Hi All,
After some extensive Portland group compiler testing I have found a set of
options that appear to work well.
With the default options with configure and -p4 giving the SSE options on
a
64 bit pentium machine there are a number of test failures (big failures)
with QMMM/PIMD and Amoeba.
I have tried a number of different options, here is a summary.
-----------------
On 32 bit P4 machines the following seem to work well:
FFLAGS= -O1 $(LOCALFLAGS) $(AMBERBUILDFLAGS)
FOPTFLAGS= -fast $(LOCALFLAGS) $(AMBERBUILDFLAGS)
(Gives only 3 very minor differences)
FFLAGS= -tp p7 -O1 $(LOCALFLAGS) $(AMBERBUILDFLAGS)
FOPTFLAGS= -tp p7 -Mscalarsse -Mvect=sse -Mflushz -fast -O3 $(LOCALFLAGS)
$(AMBERBUILDFLAGS)
(Gives only 5 very minor differences)
So we can choose either of these for regular (old) 32 bit P4 machines -
and
I assume, although have not tested, old 32 bit AMD chips as well.
-----------------
On 64 bit machines things seem to be a lot more complicated.
Using just -O1 and -fast still give a lot of major differences in PIMD
tests
involving QMMM and Amoeba tests.
The following options DO NOT WORK:
FFLAGS= -O1 $(LOCALFLAGS) $(AMBERBUILDFLAGS)
FOPTFLAGS= -fast $(LOCALFLAGS) $(AMBERBUILDFLAGS) !FAILS
FFLAGS= -O1 -Kieee -Mnofprelaxed $(LOCALFLAGS) $(AMBERBUILDFLAGS)
FOPTFLAGS= -fast -Kieee -Mnofprelaxed $(LOCALFLAGS) $(AMBERBUILDFLAGS)
!FAILS
However, turning off optimization completely works:
FFLAGS= -g $(LOCALFLAGS) $(AMBERBUILDFLAGS)
FOPTFLAGS= -g $(LOCALFLAGS) $(AMBERBUILDFLAGS)
So it seems that the problems in 64 bit mode are a function of
optimisation
- possibly on a single file but this may take quite a long time to find.
The only option that I can get to work properly on a 64 bit Pentium is to
compile it 32 bit. The following option works (one has to explicitly
specify
-tp p7 and also specify -m32 on the gcc line):
CFLAGS= -D_FILE_OFFSET_BITS=64 -D_LARGEFILE_SOURCE -O2 -m32
FFLAGS= -tp p7 -O1 $(LOCALFLAGS) $(AMBERBUILDFLAGS)

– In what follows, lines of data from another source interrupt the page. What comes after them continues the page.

(* If $(a,b)\in R_3$, then $J(a,b)\ge \frac{9+8\sqrt{10}}{215}$.
   Context: For $(a,b)\in\mathbb R^2$ define $f_{a,b}(x_1,x_2)=[b+a(x_1+x_2)+x_1x_2](2-x_1-x_2)$. Let $X_1=\{(x_1,x_2):-1\le x_1\le 0,\ -x_1\le x_2\le 1\}$ and $X_2=\{(x_1,x_2):-1\le x_1\le0,\ x_1\le x_2\le -x_1\}$. Let $\chi_{a,b}=\max_{X_1\cup X_2}f_{a,b}$, $m_{a,b}=\min_{X_1\cup X_2}f_{a,b}$, $R=\{(a,b)\in\mathbb R^2: m_{a,b}>0\}$, and for $(a,b)\in R$ let $J(a,b)=\frac{\chi_{a,b}-m_{a,b}}{\chi_{a,b}+m_{a,b}}$. Whenever $(1-2a)^2\ge3(b-2a)$ let $t_-=\frac{2a-1-\sqrt{(1-2a)^2-3(b-2a)}}{3/2}$. Let $R_3=\{(a,b)\in R:(1-2a)^2\ge3(b-2a)>0,\ t_-\in[0,2]\}$. *)

theory Defs
  imports Complex_Main
begin

definition fab :: "real \<Rightarrow> real \<Rightarrow> real \<times> real \<Rightarrow> real" where
  "fab a b x = (b + a * (fst x + snd x) + fst x * snd x) * (2 - fst x - snd x)"

definition X1 :: "(real \<times> real) set" where
  "X1 = {(x1, x2). -1 \<le> x1 \<and> x1 \<le> 0 \<and> -x1 \<le> x2 \<and> x2 \<le> 1}"

definition X2 :: "(real \<times> real) set" where
  "X2 = {(x1, x2). -1 \<le> x1 \<and> x1 \<le> 0 \<and> x1 \<le> x2 \<and> x2 \<le> -x1}"

text \<open>Maximum and minimum over the compact set X1 \<union> X2 (attained, since f is continuous).\<close>
definition chi :: "real \<Rightarrow> real \<Rightarrow> real" where
  "chi a b = (SUP x\<in>X1 \<union> X2. fab a b x)"

definition mab :: "real \<Rightarrow> real \<Rightarrow> real" where
  "mab a b = (INF x\<in>X1 \<union> X2. fab a b x)"

definition Rset :: "(real \<times> real) set" where
  "Rset = {(a, b). mab a b > 0}"

definition J :: "real \<Rightarrow> real \<Rightarrow> real" where
  "J a b = (chi a b - mab a b) / (chi a b + mab a b)"

definition tminus :: "real \<Rightarrow> real \<Rightarrow> real" where
  "tminus a b = (2*a - 1 - sqrt ((1 - 2*a)^2 - 3*(b - 2*a))) / (3/2)"

definition R3 :: "(real \<times> real) set" where
  "R3 = {(a, b). (a, b) \<in> Rset \<and> (1 - 2*a)^2 \<ge> 3*(b - 2*a) \<and> 3*(b - 2*a) > 0
               \<and> 0 \<le> tminus a b \<and> tminus a b \<le> 2}"

end

theory Submission
  imports Defs "HOL-Analysis.Analysis"
begin

(* With t = t_-, the test point (-t/2, -t/2) gives chi >= (2 + t)^2 (a - t/2), while the
   test points (-1, 1), (0, 1), (-1, -1) bound m by 2(b - 1), a + b and 4(b - 2a + 1).
   A nonnegative combination of these three bounds with total weight 112 + 4 sqrt 10 differs
   from (103 - 4 sqrt 10) (2 + t)^2 (a - t/2) by a square in t times a factor linear in a;
   where that factor is negative, t is so small that cruder estimates suffice. Hence
   (112 + 4 sqrt 10) m <= (103 - 4 sqrt 10) chi, which is the claimed bound on J. *)

lemma diff_div_sum_ge:
  fixes c m p q :: real
  assumes "0 < m" "0 < p" "0 < q" "p * m \<le> q * c"
  shows "(p - q) / (p + q) \<le> (c - m) / (c + m)"
proof -
  have "0 < q * c" using assms by (meson mult_pos_pos order_less_le_trans)
  then have "0 < c" using \<open>0 < q\<close> by (simp add: zero_less_mult_iff)
  then show ?thesis using assms by (simp add: divide_simps) (simp add: algebra_simps)
qed

lemma sqrt_10_bounds: "3 \<le> sqrt 10" "sqrt 10 \<le> 7/2"
  by (rule real_le_rsqrt, simp) (rule real_le_lsqrt, simp_all add: power2_eq_square)

lemma bounded_fab_image: "bounded (fab a b ` (X1 \<union> X2))"
proof -
  have "X1 \<union> X2 \<subseteq> {-1..0} \<times> {-1..1}" by (auto simp: X1_def X2_def)
  moreover have "compact (fab a b ` ({-1..0} \<times> {-1..1}))"
    unfolding fab_def by (intro compact_continuous_image compact_Times compact_Icc continuous_intros)
  ultimately show ?thesis by (meson bounded_subset compact_imp_bounded image_mono)
qed

lemma fab_le_chi: "x \<in> X1 \<union> X2 \<Longrightarrow> fab a b x \<le> chi a b"
  unfolding chi_def by (rule cSUP_upper[OF _ bounded_imp_bdd_above[OF bounded_fab_image]])

lemma mab_le_fab: "x \<in> X1 \<union> X2 \<Longrightarrow> mab a b \<le> fab a b x"
  unfolding mab_def by (rule cINF_lower[OF bounded_imp_bdd_below[OF bounded_fab_image]])

(* t_- is a critical point of t \<mapsto> f(-t/2, -t/2) = (b - a t + t^2/4)(2 + t); the identity for b
   below is exactly the vanishing of its derivative. *)
lemma R3_parametrization:
  assumes "(a, b) \<in> R3"
  defines "t \<equiv> tminus a b"
  shows "0 < mab a b" "0 \<le> t" "t \<le> 2" "1/2 + 3*t/4 \<le> a" "b = 2*a + 2*a*t - t - 3*t^2/4"
proof -
  define D where "D = (1 - 2*a)^2 - 3*(b - 2*a)"
  have "D \<ge> 0" using assms unfolding R3_def D_def by auto
  show "0 < mab a b" "0 \<le> t" "t \<le> 2"
    using assms unfolding R3_def Rset_def D_def t_def by auto
  have sqrt_D: "sqrt D = 2*a - 1 - 3*t/2"
    unfolding t_def tminus_def D_def by (simp add: field_simps)
  then show "1/2 + 3*t/4 \<le> a"
    using real_sqrt_ge_zero[OF \<open>D \<ge> 0\<close>] by linarith
  have "D = (2*a - 1 - 3*t/2)^2"
    using \<open>D \<ge> 0\<close> sqrt_D by (metis real_sqrt_pow2)
  then show "b = 2*a + 2*a*t - t - 3*t^2/4"
    unfolding D_def by (simp add: power2_eq_square algebra_simps)
qed

lemma test_values_bound_certificate:
  fixes a b t m r :: real
  assumes r: "r * r = 10" "3 \<le> r" "r \<le> 7/2"
    and b: "b = 2*a + 2*a*t - t - 3*t^2/4"
    and m: "m \<le> 2*(b - 1)" "m \<le> a + b" "m \<le> 4*(b - 2*a + 1)"
    and factor: "0 \<le> a - t/2 + (r - 8)/9"
  shows "(112 + 4*r) * m \<le> (103 - 4*r) * ((2 + t)^2 * (a - t/2))"
proof -
  define w1 w2 w3 where "w1 = 34*r - 80" and "w2 = (224 + 8*r)/3" and "w3 = (352 - 98*r)/3"
  have w: "0 \<le> w1" "0 \<le> w2" "0 \<le> w3" "w1 + w2 + w3 = 112 + 4*r"
    using r unfolding w1_def w2_def w3_def by (auto simp: field_simps)
  have certificate:
    "(103 - 4*r) * ((2 + t)^2 * (a - t/2)) - (w1 * (2*(b - 1)) + w2 * (a + b) + w3 * (4*(b - 2*a + 1)))
      = (103 - 4*r) * (t - (14 - 4*r)/9)^2 * (a - t/2 + (r - 8)/9)"
  proof -
    have r_square: "r * (r * x) = 10 * x" for x using r(1) by (metis mult.assoc)
    show ?thesis unfolding b w1_def w2_def w3_def
      by (simp add: algebra_simps power2_eq_square divide_simps r_square)
  qed
  have "(112 + 4*r) * m = w1 * m + w2 * m + w3 * m" by (simp only: w(4)[symmetric] distrib_right)
  also have "\<dots> \<le> w1 * (2*(b - 1)) + w2 * (a + b) + w3 * (4*(b - 2*a + 1))"
    using w m by (intro add_mono mult_left_mono)
  also have "\<dots> \<le> (103 - 4*r) * ((2 + t)^2 * (a - t/2))"
  proof -
    have "0 \<le> (103 - 4*r) * (t - (14 - 4*r)/9)^2 * (a - t/2 + (r - 8)/9)"
      using factor r(3) by simp
    then show ?thesis using certificate by linarith
  qed
  finally show ?thesis .
qed

lemma test_values_bound_small_t:
  fixes a b t m r :: real
  assumes r: "3 \<le> r" "r \<le> 7/2"
    and t: "0 \<le> t" and a: "1/2 + 3*t/4 \<le> a" and b: "b = 2*a + 2*a*t - t - 3*t^2/4"
    and m: "m \<le> 2*(b - 1)"
    and factor: "a - t/2 + (r - 8)/9 < 0"
  shows "(112 + 4*r) * m \<le> (103 - 4*r) * ((2 + t)^2 * (a - t/2))"
proof -
  have "a - t/2 < 5/9" using factor r(1) by (simp add: field_simps)
  then have t_small: "t < 2/9" and a_small: "a < 2/3" using a by linarith+
  have "2*(b - 1) = 4*a*(1 + t) - 2 - 2*t - 3*t^2/2" unfolding b by (simp add: algebra_simps)
  then have "m \<le> 4*a*(1 + t) - 2" using m t zero_le_power2[of t] by linarith
  also have "\<dots> \<le> 4*(2/3)*(1 + 2/9) - 2"
    using t t_small a_small a by (intro diff_right_mono mult_mono) auto
  finally have m_le: "m \<le> 34/27" by simp
  have h_ge: "4 * (1/2) \<le> (2 + t)^2 * (a - t/2)"
    using t a by (intro mult_mono) (auto simp: power2_eq_square algebra_simps)
  have "(112 + 4*r) * m \<le> (112 + 4*r) * (34/27)"
    using m_le r by (intro mult_left_mono) auto
  also have "\<dots> \<le> (103 - 4*r) * 2" using r by simp
  also have "\<dots> \<le> (103 - 4*r) * ((2 + t)^2 * (a - t/2))"
    using h_ge r by (intro mult_left_mono) auto
  finally show ?thesis .
qed

lemma test_values_bound:
  fixes a b t m :: real
  assumes t: "0 \<le> t" and a: "1/2 + 3*t/4 \<le> a" and b: "b = 2*a + 2*a*t - t - 3*t^2/4"
    and m: "m \<le> 2*(b - 1)" "m \<le> a + b" "m \<le> 4*(b - 2*a + 1)"
  shows "(112 + 4 * sqrt 10) * m \<le> (103 - 4 * sqrt 10) * ((2 + t)^2 * (a - t/2))"
proof (cases "0 \<le> a - t/2 + (sqrt 10 - 8)/9")
  case True
  show ?thesis
    by (rule test_values_bound_certificate[OF _ sqrt_10_bounds b m True]) simp
next
  case False
  then show ?thesis
    using test_values_bound_small_t[OF sqrt_10_bounds t a b m(1)] by simp
qed

theorem propositionA9:
  fixes a b :: real
  assumes "(a, b) \<in> R3"
  shows "J a b \<ge> (9 + 8 * sqrt 10) / 215"
proof -
  define t where "t = tminus a b"
  note param = R3_parametrization[OF assms, folded t_def]
  have "(-t/2, -t/2) \<in> X1 \<union> X2" "(-1, 1) \<in> X1 \<union> X2" "(0, 1) \<in> X1 \<union> X2" "(-1, -1) \<in> X1 \<union> X2"
    using param(2,3) by (auto simp: X1_def X2_def)
  note chi_diagonal = fab_le_chi[OF this(1), of a b] and m = this(2-4)[THEN mab_le_fab[of _ a b]]
  have "fab a b (-t/2, -t/2) = (2 + t)^2 * (a - t/2)"
    unfolding fab_def param(5) by (simp add: power2_eq_square algebra_simps)
  with chi_diagonal have chi: "(2 + t)^2 * (a - t/2) \<le> chi a b" by simp
  have "(112 + 4 * sqrt 10) * mab a b \<le> (103 - 4 * sqrt 10) * ((2 + t)^2 * (a - t/2))"
    using test_values_bound[OF param(2,4,5)] m by (simp add: fab_def)
  also have "\<dots> \<le> (103 - 4 * sqrt 10) * chi a b"
    using chi sqrt_10_bounds by (intro mult_left_mono) auto
  finally have "(112 + 4 * sqrt 10) * mab a b \<le> (103 - 4 * sqrt 10) * chi a b" .
  moreover have "0 < 112 + 4 * sqrt 10" "0 < 103 - 4 * sqrt 10" using sqrt_10_bounds by auto
  ultimately have "((112 + 4 * sqrt 10) - (103 - 4 * sqrt 10)) / ((112 + 4 * sqrt 10) + (103 - 4 * sqrt 10))
      \<le> J a b"
    unfolding J_def using diff_div_sum_ge[OF param(1)] by blast
  then show ?thesis by simp
qed

end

FOPTFLAGS= -tp p7 -Mscalarsse -Mvect=sse -Mflushz -fast -O3 $(LOCALFLAGS)
$(AMBERBUILDFLAGS)
So, for the moment it looks like Portland group's 64 bit compilation code
is
broken. Kim, can you try compiling 32 bit using the attached config file
on
your Opteron machine with the Portland group compiler.
I have also attached the TEST_FAILURES.diff file for an EM64T machine
running the latest Amber 9 CVS tree compiled with PGF90 6.1-3 using the 32
bit compilation target given above.
Unfortunately I can't test many more options this weekend as the wife is
threatening me with divorce if I so much as think about switching my
computer on tomorrow :-(...
I'll try and narrow things down some more on Monday. For the release
though
I think we should use (depending on how the opteron tests pan out) one of
the following options (depending on how safe we feel with the sse options)
for ALL machines, both x86 and x86-64, with the Portland group compilers:
CFLAGS= -D_FILE_OFFSET_BITS=64 -D_LARGEFILE_SOURCE -O2 -m32
FFLAGS= -tp p7 -O1 $(LOCALFLAGS) $(AMBERBUILDFLAGS)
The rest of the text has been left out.